* [ACTION ITEM] Pull every line of the entries that has the word "undefined".

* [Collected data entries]
□ □ □ □ □ □ □

text \<open>\<open>(Px, Py, Pz)\<close> is the Eulerian gradient of the Lagrangian field \<open>P\<close> under the label map
  \<open>(X, Y, Z)\<close>, characterised through the chain rule.\<close>

definition eulerian_gradient ::
  "(real \<Rightarrow> real \<Rightarrow> real \<Rightarrow> real) \<Rightarrow> (real \<Rightarrow> real \<Rightarrow> real \<Rightarrow> real) \<Rightarrow> (real \<Rightarrow> real \<Rightarrow> real \<Rightarrow> real)
   \<Rightarrow> (real \<Rightarrow> real \<Rightarrow> real \<Rightarrow> real) \<Rightarrow> real \<Rightarrow> real \<Rightarrow> real \<Rightarrow> real \<Rightarrow> real \<Rightarrow> real \<Rightarrow> bool" where
  "eulerian_gradient P X Y Z q r s Px Py Pz \<longleftrightarrow>
     deriv (\<lambda>q'. P q' r s) q
       = deriv (\<lambda>q'. X q' r s) q * Px + deriv (\<lambda>q'. Y q' r s) q * Py + deriv (\<lambda>q'. Z q' r s) q * Pz
   \<and> deriv (\<lambda>r'. P q r' s) r
       = deriv (\<lambda>r'. X q r' s) r * Px + deriv (\<lambda>r'. Y q r' s) r * Py + deriv (\<lambda>r'. Z q r' s) r * Pz
   \<and> deriv (\<lambda>s'. P q r s') s
       = deriv (\<lambda>s'. X q r s') s * Px + deriv (\<lambda>s'. Y q r s') s * Py + deriv (\<lambda>s'. Z q r s') s * Pz"

lemma det3_transpose_kernel:
  assumes "det3 a11 a12 a13 a21 a22 a23 a31 a32 a33 \<noteq> 0"
    and "a11 * v1 + a21 * v2 + a31 * v3 = 0"
    and "a12 * v1 + a22 * v2 + a32 * v3 = 0"
    and "a13 * v1 + a23 * v2 + a33 * v3 = 0"
  shows "v1 = 0 \<and> v2 = 0 \<and> v3 = 0"
proof -
  have "det3 a11 a12 a13 a21 a22 a23 a31 a32 a33 * v1 = 0"
    and "det3 a11 a12 a13 a21 a22 a23 a31 a32 a33 * v2 = 0"
    and "det3 a11 a12 a13 a21 a22 a23 a31 a32 a33 * v3 = 0"
    using assms(2-4) unfolding det3_def by algebra+
  then show ?thesis using assms(1) by simp
qed

lemma eulerian_gradient_unique:
  assumes "jacobian3 X Y Z q r s \<noteq> 0"
    and "eulerian_gradient P X Y Z q r s Px Py Pz"
    and "eulerian_gradient P X Y Z q r s Px' Py' Pz'"
  shows "Px = Px' \<and> Py = Py' \<and> Pz = Pz'"
proof -
  have "Px - Px' = 0 \<and> Py - Py' = 0 \<and> Pz - Pz' = 0"
    using assms(2,3) by (intro det3_transpose_kernel[OF assms(1)[unfolded jacobian3_def]])
      (auto simp: eulerian_gradient_def algebra_simps)
  then show ?thesis by simp
qed

lemma deriv_xpos_q: "deriv (\<lambda>q'. xpos b m k c q' r s t) q = 1 - k * b * exp (- m * s) * cos (phase k c q t)"
  by (rule DERIV_imp_deriv) (unfold xpos_def phase_def, (rule derivative_eq_intros refl | simp)+)
lemma deriv_xpos_r: "deriv (\<lambda>r'. xpos b m k c q r' s t) r = 0"
  unfolding xpos_def by simp
lemma deriv_xpos_s: "deriv (\<lambda>s'. xpos b m k c q r s' t) s = m * b * exp (- m * s) * sin (phase k c q t)"
  by (rule DERIV_imp_deriv) (unfold xpos_def phase_def, (rule derivative_eq_intros refl | simp)+)
lemma deriv_xpos_t: "deriv (\<lambda>t'. xpos b m k c q r s t') t = uvel b m k c q r s t"
  unfolding uvel_def
  by (rule DERIV_imp_deriv) (unfold xpos_def phase_def, (rule derivative_eq_intros refl | simp)+)

lemma deriv_ypos_q: "deriv (\<lambda>q'. ypos d m k c q' r s t) q = k * d * exp (- m * s) * sin (phase k c q t)"
  by (rule DERIV_imp_deriv) (unfold ypos_def phase_def, (rule derivative_eq_intros refl | simp)+)
lemma deriv_ypos_r: "deriv (\<lambda>r'. ypos d m k c q r' s t) r = 1"
  by (rule DERIV_imp_deriv) (unfold ypos_def, (rule derivative_eq_intros refl | simp)+)
lemma deriv_ypos_s: "deriv (\<lambda>s'. ypos d m k c q r s' t) s = m * d * exp (- m * s) * cos (phase k c q t)"
  by (rule DERIV_imp_deriv) (unfold ypos_def, (rule derivative_eq_intros refl | simp)+)
lemma deriv_ypos_t: "deriv (\<lambda>t'. ypos d m k c q r s t') t = vvel d m k c q r s t"
  unfolding vvel_def
  by (rule DERIV_imp_deriv) (unfold ypos_def phase_def, (rule derivative_eq_intros refl | simp)+)

lemma deriv_zpos_q: "deriv (\<lambda>q'. zpos a m k c q' r s t) q = k * a * exp (- m * s) * sin (phase k c q t)"
  by (rule DERIV_imp_deriv) (unfold zpos_def phase_def, (rule derivative_eq_intros refl | simp)+)
lemma deriv_zpos_r: "deriv (\<lambda>r'. zpos a m k c q r' s t) r = 0"
  unfolding zpos_def by simp
lemma deriv_zpos_s: "deriv (\<lambda>s'. zpos a m k c q r s' t) s = 1 + m * a * exp (- m * s) * cos (phase k c q t)"
  by (rule DERIV_imp_deriv) (unfold zpos_def, (rule derivative_eq_intros refl | simp)+)
lemma deriv_zpos_t: "deriv (\<lambda>t'. zpos a m k c q r s t') t = wvel a m k c q r s t"
  unfolding wvel_def
  by (rule DERIV_imp_deriv) (unfold zpos_def phase_def, (rule derivative_eq_intros refl | simp)+)

lemma deriv_uvel_t: "deriv (\<lambda>t'. uvel b m k c q r s t') t = k^2 * c^2 * b * exp (- m * s) * sin (phase k c q t)"
  by (rule DERIV_imp_deriv)
    (unfold uvel_def phase_def, (rule derivative_eq_intros refl | simp add: power2_eq_square)+)
lemma deriv_vvel_t: "deriv (\<lambda>t'. vvel d m k c q r s t') t = k^2 * c^2 * d * exp (- m * s) * cos (phase k c q t)"
  by (rule DERIV_imp_deriv)
    (unfold vvel_def phase_def, (rule derivative_eq_intros refl | simp add: power2_eq_square)+)
lemma deriv_wvel_t: "deriv (\<lambda>t'. wvel a m k c q r s t') t = k^2 * c^2 * a * exp (- m * s) * cos (phase k c q t)"
  by (rule DERIV_imp_deriv)
    (unfold wvel_def phase_def, (rule derivative_eq_intros refl | simp add: power2_eq_square)+)
lemma part_tuples_sum_subset_le:
  assumes m: "m \<in> part_tuples k" and "I \<subseteq> {1..k}"
  shows "(\<Sum>j\<in>I. j * m j) \<le> k"
proof -
  have "(\<Sum>j\<in>I. j * m j) \<le> (\<Sum>j=1..k. j * m j)"
    by (rule sum_mono2) (use assms in auto)
  then show ?thesis using part_tuples_weighted_sum[OF m] by simp
qed

text \<open>Adding a part of size i to a partition of k - i, and removing it again: a bijection onto
  the partitions of k that have a part of size i.\<close>

definition part_insert :: "nat \<Rightarrow> nat \<Rightarrow> (nat \<Rightarrow> nat) \<Rightarrow> nat \<Rightarrow> nat" where
  "part_insert k i m' = (\<lambda>j. if j \<in> {1..k}
     then (if j \<le> k - i then m' j else 0) + (if j = i then 1 else 0) else undefined)"

definition part_remove :: "nat \<Rightarrow> nat \<Rightarrow> (nat \<Rightarrow> nat) \<Rightarrow> nat \<Rightarrow> nat" where
  "part_remove k i m = (\<lambda>j. if j \<in> {1..k-i} then m j - (if j = i then 1 else 0) else undefined)"

lemma part_insert_weighted_sum:
  assumes "1 \<le> i" "i \<le> k"
  shows "(\<Sum>j=1..k. j * part_insert k i m' j) = (\<Sum>j=1..k-i. j * m' j) + i"
proof -
  have "(\<Sum>j=1..k. j * part_insert k i m' j)
      = (\<Sum>j=1..k. j * (if j \<le> k - i then m' j else 0)) + (\<Sum>j=1..k. if i = j then j else 0)"
    unfolding sum.distrib[symmetric] part_insert_def by (rule sum.cong) auto
  also have "(\<Sum>j=1..k. j * (if j \<le> k - i then m' j else 0)) = (\<Sum>j=1..k-i. j * m' j)"
    by (rule sum.mono_neutral_cong_right) auto
  finally show ?thesis using assms by (simp add: sum.delta)
qed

□ □ □ □ □ □ □

* [EXERCISE RESULT]
     then (if j \<le> k - i then m' j else 0) + (if j = i then 1 else 0) else undefined)"
  "part_remove k i m = (\<lambda>j. if j \<in> {1..k-i} then m j - (if j = i then 1 else 0) else undefined)"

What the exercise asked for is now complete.